Her demise prompted a review into her legacy, more particularly a reflection on her prolific works. The colloquium was organised specifically to spur conversation on the application of Legal Ethics in Kenya with lessons being drawn from the works of Deborah. This was done through presentations by keynote speakers and roundtable discussions with panelists from different areas of legal practice.
Jason Solomon, the Executive Director of the Stanford Center on the Legal Profession, spoke on the Legacy of Deborah Rhodes with whom he was closely acquainted. Professor Luis Franceschi addressed self-regulation of the legal profession, which he branded ‘a poacher and ranger’ in the same person. Professor Kameri Mbote gave a profound exposition on gender equality as an ethical issue. Professor Albert Mumma pointed out the need for ethical conduct going beyond the professional life of a lawyer.
Dr. Peter Kwenjera, Dean of Strathmore Law School, talked of the role of academic institutions in the field of legal ethics. He highlighted the ways through which Strathmore Law School promotes ethical principles among its students. Dr. Duncan Ojwang’ spoke of the importance of having a liberal curriculum that acts as a socializing agent and a conditioning tool to law students. Dr. Elizabeth Muli expounded on the need to restructure certain aspects of legal education and establish a moral compass therein.
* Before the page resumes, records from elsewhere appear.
lemma grad_re_component_bound:
  assumes p: "supn (p - x0) < R" and q: "supn (q - x0) < R"
  shows "\<bar>grad_re q $ i - grad_re p $ i\<bar> \<le> M2 * (\<Sum>j\<in>UNIV. \<bar>q $ j - p $ j\<bar>)"
proof -
  have "\<bar>grad_re (coord_mix p q (insert j S)) $ i - grad_re (coord_mix p q S) $ i - 0\<bar>
      \<le> M2 * \<bar>q $ j - p $ j\<bar>" if jS: "j \<notin> S" for S j
  proof -
    let ?m = "coord_mix p q S"
    let ?H = "\<lambda>s. Re (cpd i f (cvec (?m + axis j s)))"
    have "\<bar>?H (q $ j - p $ j) - ?H 0\<bar> \<le> M2 * \<bar>q $ j - p $ j\<bar>"
    proof (rule real_derivative_bound_segment)
      fix s assume "s \<in> closed_segment 0 (q $ j - p $ j)"
      then have inB: "cvec (?m + axis j s) \<in> {z. supn (z - cvec x0) < R}"
        using coord_mix_axis_segment[OF p q jS] cvec_in_box_iff by simp
      show "(?H has_real_derivative Re (cpd j (cpd i f) (cvec (?m + axis j s)))) (at s)"
        by (rule slice_differentiable_real_derivative[OF slice_differentiable_cpd[OF analytic] inB])
      have "norm (cpds [j, i] f (cvec (?m + axis j s))) \<le> M2"
        using second_partials_bounded[rule_format, of "[j, i]"] inB by simp
      then show "\<bar>Re (cpd j (cpd i f) (cvec (?m + axis j s)))\<bar> \<le> M2"
        using abs_Re_le_cmod[of "cpd j (cpd i f) (cvec (?m + axis j s))"] by simp
    qed
    then show ?thesis by (simp add: coord_mix_insert[OF jS] grad_re_def)
  qed
  then show ?thesis
    using telescope_coord_mix[of "\<lambda>x. grad_re x $ i" p q "\<lambda>_. 0" "\<lambda>j. M2 * \<bar>q $ j - p $ j\<bar>"]
    by (simp add: sum_distrib_left)
qed

lemma grad_re_component_bound_norm:
  assumes "supn (p - x0) < R" and "supn (q - x0) < R"
  shows "\<bar>grad_re q $ i - grad_re p $ i\<bar> \<le> real CARD('n) * M2 * norm (q - p)"
proof -
  have "\<bar>grad_re q $ i - grad_re p $ i\<bar> \<le> M2 * (\<Sum>j\<in>UNIV. \<bar>(q - p) $ j\<bar>)"
    using grad_re_component_bound[OF assms] by simp
  also have "\<dots> \<le> M2 * (real CARD('n) * norm (q - p))"
    using M2_nonneg[OF assms(1)] by (intro mult_left_mono sum_abs_le_card_norm)
  finally show ?thesis by (simp add: mult_ac)
qed

lemma rgrad_lipschitz:
  assumes "supn (p - x0) < R" and "supn (q - x0) < R"
  shows "norm (rgrad f q - rgrad f p) \<le> real CARD('n) ^ 2 * M2 * norm (q - p)"
proof -
  have "norm (grad_re q - grad_re p) \<le> (\<Sum>i\<in>UNIV. \<bar>(grad_re q - grad_re p) $ i\<bar>)"
    by (rule norm_le_l1_cart)
  also have "\<dots> \<le> (\<Sum>i\<in>(UNIV::'n set). real CARD('n) * M2 * norm (q - p))"
    using grad_re_component_bound_norm[OF assms] by (intro sum_mono) simp
  also have "\<dots> = real CARD('n) ^ 2 * M2 * norm (q - p)"
    by (simp add: power2_eq_square)
  finally show ?thesis using assms by (simp add: rgrad_eq_grad_re)
qed

lemma freal_taylor_bound:
  assumes p: "supn (p - x0) < R" and q: "supn (q - x0) < R"
  shows "\<bar>freal f q - freal f p - rgrad f p \<bullet> (q - p)\<bar> \<le> real CARD('n) ^ 2 * M2 * (norm (q - p))\<^sup>2"
proof -
  let ?K = "real CARD('n) * M2 * norm (q - p)"
  have "\<bar>freal f (coord_mix p q (insert j S)) - freal f (coord_mix p q S) - grad_re p $ j * (q $ j - p $ j)\<bar>
      \<le> ?K * \<bar>q $ j - p $ j\<bar>" if jS: "j \<notin> S" for S j
  proof -
    let ?m = "coord_mix p q S"
    let ?H = "\<lambda>s. freal f (?m + axis j s) - grad_re p $ j * s"
    have "\<bar>?H (q $ j - p $ j) - ?H 0\<bar> \<le> ?K * \<bar>q $ j - p $ j\<bar>"
    proof (rule real_derivative_bound_segment)
      fix s assume "s \<in> closed_segment 0 (q $ j - p $ j)"
      note seg = coord_mix_axis_segment[OF p q jS this]
      show "(?H has_real_derivative (grad_re (?m + axis j s) $ j - grad_re p $ j)) (at s)"
        using freal_axis_has_real_derivative[OF seg(1)] by (auto intro!: derivative_eq_intros)
      have "\<bar>grad_re (?m + axis j s) $ j - grad_re p $ j\<bar> \<le> real CARD('n) * M2 * norm (?m + axis j s - p)"
        by (rule grad_re_component_bound_norm[OF p seg(1)])
      also have "\<dots> \<le> ?K"
        using seg(2) M2_nonneg[OF p] by (intro mult_left_mono) simp_all
      finally show "\<bar>grad_re (?m + axis j s) $ j - grad_re p $ j\<bar> \<le> ?K" .
    qed
    then show ?thesis by (simp add: coord_mix_insert[OF jS] algebra_simps)
  qed
  then have "\<bar>freal f q - freal f p - (\<Sum>j\<in>UNIV. grad_re p $ j * (q $ j - p $ j))\<bar>
      \<le> (\<Sum>j\<in>UNIV. ?K * \<bar>q $ j - p $ j\<bar>)"
    by (rule telescope_coord_mix)
  also have "\<dots> = ?K * (\<Sum>j\<in>UNIV. \<bar>(q - p) $ j\<bar>)"
    by (simp add: sum_distrib_left)
  also have "\<dots> \<le> ?K * (real CARD('n) * norm (q - p))"
    using M2_nonneg[OF p] by (intro mult_left_mono sum_abs_le_card_norm) simp
  finally show ?thesis
    using rgrad_eq_grad_re[OF p] by (simp add: inner_vec_def power2_eq_square mult_ac)
qed

lemma isCont_freal:
  assumes p: "supn (p - x0) < R"
  shows "isCont (freal f) p"
proof -
  define g where "g q = norm (rgrad f p) * norm (q - p) + real CARD('n) ^ 2 * M2 * (norm (q - p))\<^sup>2" for q
  have "\<forall>\<^sub>F q in at p. supn (q - x0) < R"
    unfolding eventually_at
  proof (intro exI[of _ "R - supn (p - x0)"] conjI ballI impI)
    show "0 < R - supn (p - x0)" using p by simp
    fix q assume "q \<noteq> p \<and> dist q p < R - supn (p - x0)"
    then show "supn (q - x0) < R"
      using supn_add_le[of "q - p" "p - x0"] supn_le_norm[of "q - p"] by (simp add: dist_norm)
  qed
  then have "\<forall>\<^sub>F q in at p. norm (freal f q - freal f p) \<le> g q"
  proof (rule eventually_mono)
    fix q assume "supn (q - x0) < R"
    then have "\<bar>freal f q - freal f p - rgrad f p \<bullet> (q - p)\<bar> \<le> real CARD('n) ^ 2 * M2 * (norm (q - p))\<^sup>2"
      by (rule freal_taylor_bound[OF p])
    then show "norm (freal f q - freal f p) \<le> g q"
      using Cauchy_Schwarz_ineq2[of "rgrad f p" "q - p"] by (simp add: g_def)
  qed
  moreover have "(g \<longlongrightarrow> 0) (at p)"
  proof -
    have "isCont g p" unfolding g_def by (intro continuous_intros)
    then show ?thesis by (simp add: isCont_def g_def)
  qed
  ultimately have "((\<lambda>q. freal f q - freal f p) \<longlongrightarrow> 0) (at p)"
    by (rule Lim_null_comparison)
  then show ?thesis by (simp add: isCont_def LIM_zero_cancel)
qed

end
Mr. James Nyiha and Karim Anjarwalla spoke on the ethical challenges lawyers in practice face in the course of their professional interaction with government agencies. Ms Christine Agimba, Deputy Solicitor General State Law Office and Department of Justice, was more than delightful to share her personal experiences in the profession so far. Lady Justice Lydia Achode assessed the integrity of Africa’s judiciary while Dr. Mercy Deche dealt with the practicalities of handling complaints by the Judicial Service Commission.